Both are quad channel in this instance but the Xeon configuration has twice as many banks with the total figure being split between the two CPU's.
In the ideal world CPU 0 would use Banks 1 + 2 and CPU 1 would use Banks 3 + 4.
These would be arranged so that the cores had the shortest possible distance to cover when sending and recalling data.
When the CPU's address their own optimized cores and ONLY their own optimized cores we see the most efficient level of throughput.
However memory channels get full up and start to overload as a project get busier and as soon as one maxes out, it'll start to load balance onto the least used bank. If that bank is attached to the same CPU, then the performance drop is minimal (if any), but if that data is then shifted to another bank completely then the outcome is that the latency time to recall may double or even triple due to the distance it has to cover when recalling it.

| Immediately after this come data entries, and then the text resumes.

lemma tilted_mean_antimono:
  fixes g Phi :: "'a \<Rightarrow> real"
  assumes "integrable M g" "integrable M (\<lambda>u. Phi u * g u)" "Phi \<in> borel_measurable M"
    and Phi_nonneg: "\<And>u. 0 \<le> Phi u" and g_nonneg: "\<And>u. 0 \<le> g u"
    and "0 \<le> s" "s \<le> t"
  shows "tilted_mean M g Phi t \<le> tilted_mean M g Phi s"
proof -
  define e where "e \<tau> u = exp (- \<tau> * Phi u)" for \<tau> u
  define A where "A \<tau> = (\<integral>u. Phi u * (e \<tau> u * g u) \<partial>M)" for \<tau>
  define Z where "Z \<tau> = (\<integral>u. e \<tau> u * g u \<partial>M)" for \<tau>
  note integrable = integrable_tilted[OF assms(1-5), folded e_def]
  have tilt: "e (t - s) u * (e s u * g u) = e t u * g u" for u
    by (simp add: e_def mult.assoc[symmetric] exp_add[symmetric] algebra_simps)
  have "(\<integral>u. Phi u * e (t - s) u * (e s u * g u) \<partial>M) * Z s
      \<le> A s * (\<integral>u. e (t - s) u * (e s u * g u) \<partial>M)"
    unfolding A_def Z_def
  proof (rule integral_mult_le_oppositely_ordered)
    show "integrable M (\<lambda>u. e s u * g u)" "integrable M (\<lambda>u. Phi u * (e s u * g u))"
      "integrable M (\<lambda>u. e (t - s) u * (e s u * g u))"
      "integrable M (\<lambda>u. Phi u * e (t - s) u * (e s u * g u))"
      unfolding mult.assoc tilt using integrable \<open>0 \<le> s\<close> \<open>s \<le> t\<close> by auto
    show "0 \<le> e s u * g u" for u using \<open>0 \<le> s\<close> g_nonneg by (simp add: e_def)
    show "(Phi u - Phi v) * (e (t - s) u - e (t - s) v) \<le> 0" for u v
      unfolding e_def using \<open>s \<le> t\<close> by (intro diff_mult_exp_diff_nonpos) simp
  qed
  then have "A t * Z s \<le> A s * Z t"
    unfolding mult.assoc tilt by (simp add: A_def Z_def)
  moreover have "Z t \<le> Z s"
    unfolding Z_def using integrable \<open>0 \<le> s\<close> \<open>s \<le> t\<close> g_nonneg Phi_nonneg
    by (intro integral_mono) (auto simp: e_def intro!: mult_right_mono)
  moreover have "0 \<le> A s" "0 \<le> Z t"
    unfolding A_def Z_def e_def using g_nonneg Phi_nonneg
    by (auto intro!: Bochner_Integration.integral_nonneg)
  \<comment> \<open>If \<open>Z t = 0\<close>, the left-hand side is the junk value \<open>0 / 0 = 0\<close>.\<close>
  ultimately show ?thesis
    unfolding tilted_mean_def A_def[symmetric] Z_def[symmetric] e_def[symmetric]
    by (cases "Z t = 0") (auto simp: divide_simps mult.commute)
qed
lemma prio_vec_length: "length (prio_vec m sg q) = m"
  unfolding prio_vec_def by simp

lemma prio_vec_nth: "k < m \<Longrightarrow> prio_vec m sg q ! k = q (sg (Suc k))"
  unfolding prio_vec_def by (simp add: nth_map del: upt_Suc)

lemma take_prio_vec: "n \<le> m \<Longrightarrow> take n (prio_vec m sg q) = map (\<lambda>l. q (sg l)) [1..<Suc n]"
  unfolding prio_vec_def by (simp add: take_map take_upt del: upt_Suc)

lemma sum_split_at:
  fixes f :: "nat \<Rightarrow> real"
  assumes "j \<le> m"
  shows "(\<Sum>l=1..m. f l) = (\<Sum>l=1..j. f l) + (\<Sum>l=Suc j..m. f l)"
  using sum.ub_add_nat[of 1 j f "m - j"] assms by simp

text \<open>Moving mass \<open>x\<close> into the first \<open>j\<close> coordinates costs \<open>2 x\<close> in \<open>\<ell>\<^sub>1\<close>-distance.\<close>
lemma ball_set_prefix_sum_le:
  assumes sg: "bij_betw sg {1..m} {1..m}" and "q \<in> ball_set m phat eps" and "prob_vec m phat"
    and "j \<le> m"
  shows "(\<Sum>l=1..j. q (sg l)) \<le> 1"
    and "(\<Sum>l=1..j. q (sg l)) \<le> (\<Sum>l=1..j. phat (sg l)) + eps / 2"
proof -
  have reindex: "(\<Sum>i=1..m. f i) = (\<Sum>l=1..m. f (sg l))" for f :: "nat \<Rightarrow> real"
    by (rule sum.reindex_bij_betw[OF sg, symmetric])
  have q_nonneg: "0 \<le> q (sg l)" if "l \<in> {1..m}" for l
    using assms(2) bij_betw_apply[OF sg that] unfolding ball_set_def prob_vec_def by blast
  have q_sum: "(\<Sum>l=1..m. q (sg l)) = 1" and phat_sum: "(\<Sum>l=1..m. phat (sg l)) = 1"
    and dist: "(\<Sum>l=1..m. \<bar>q (sg l) - phat (sg l)\<bar>) \<le> eps"
    using assms(2,3) reindex[of q] reindex[of phat] reindex[of "\<lambda>i. \<bar>q i - phat i\<bar>"]
    unfolding ball_set_def prob_vec_def by auto
  have "0 \<le> (\<Sum>l=Suc j..m. q (sg l))"
    by (rule sum_nonneg) (use q_nonneg in auto)
  then show "(\<Sum>l=1..j. q (sg l)) \<le> 1"
    using sum_split_at[OF \<open>j \<le> m\<close>, of "\<lambda>l. q (sg l)"] q_sum by simp
  define X where "X = (\<Sum>l=1..j. q (sg l) - phat (sg l))"
  define Y where "Y = (\<Sum>l=Suc j..m. q (sg l) - phat (sg l))"
  have "X + Y = 0"
    using sum_split_at[OF \<open>j \<le> m\<close>, of "\<lambda>l. q (sg l) - phat (sg l)"] q_sum phat_sum
    unfolding X_def Y_def by (simp add: sum_subtractf)
  moreover have "X \<le> (\<Sum>l=1..j. \<bar>q (sg l) - phat (sg l)\<bar>)"
    unfolding X_def by (rule sum_mono) simp
  moreover have "- Y \<le> (\<Sum>l=Suc j..m. \<bar>q (sg l) - phat (sg l)\<bar>)"
    unfolding Y_def sum_negf[symmetric] by (rule sum_mono) simp
  ultimately have "X \<le> eps / 2"
    using sum_split_at[OF \<open>j \<le> m\<close>, of "\<lambda>l. \<bar>q (sg l) - phat (sg l)\<bar>"] dist by simp
  then show "(\<Sum>l=1..j. q (sg l)) \<le> (\<Sum>l=1..j. phat (sg l)) + eps / 2"
    unfolding X_def by (simp add: sum_subtractf)
qed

Ultimately this is fraction of a microsecond, but if that happens 1000's of times a microsecond (which it does) then the cores that have already actioned have to wait for the lagged data to catch up or it has to dispose of it. One of those equals overhead loss where the other equals audio drop outs.
This isn't the sequencer, this is the OS and a problem that all platforms have been trying to optimize for, for years. It's not such a big deal when it comes servers and databases with no need for real time handling, but for audio where buffers have strict time limits on how quickly they process the data it can be a little more problematic.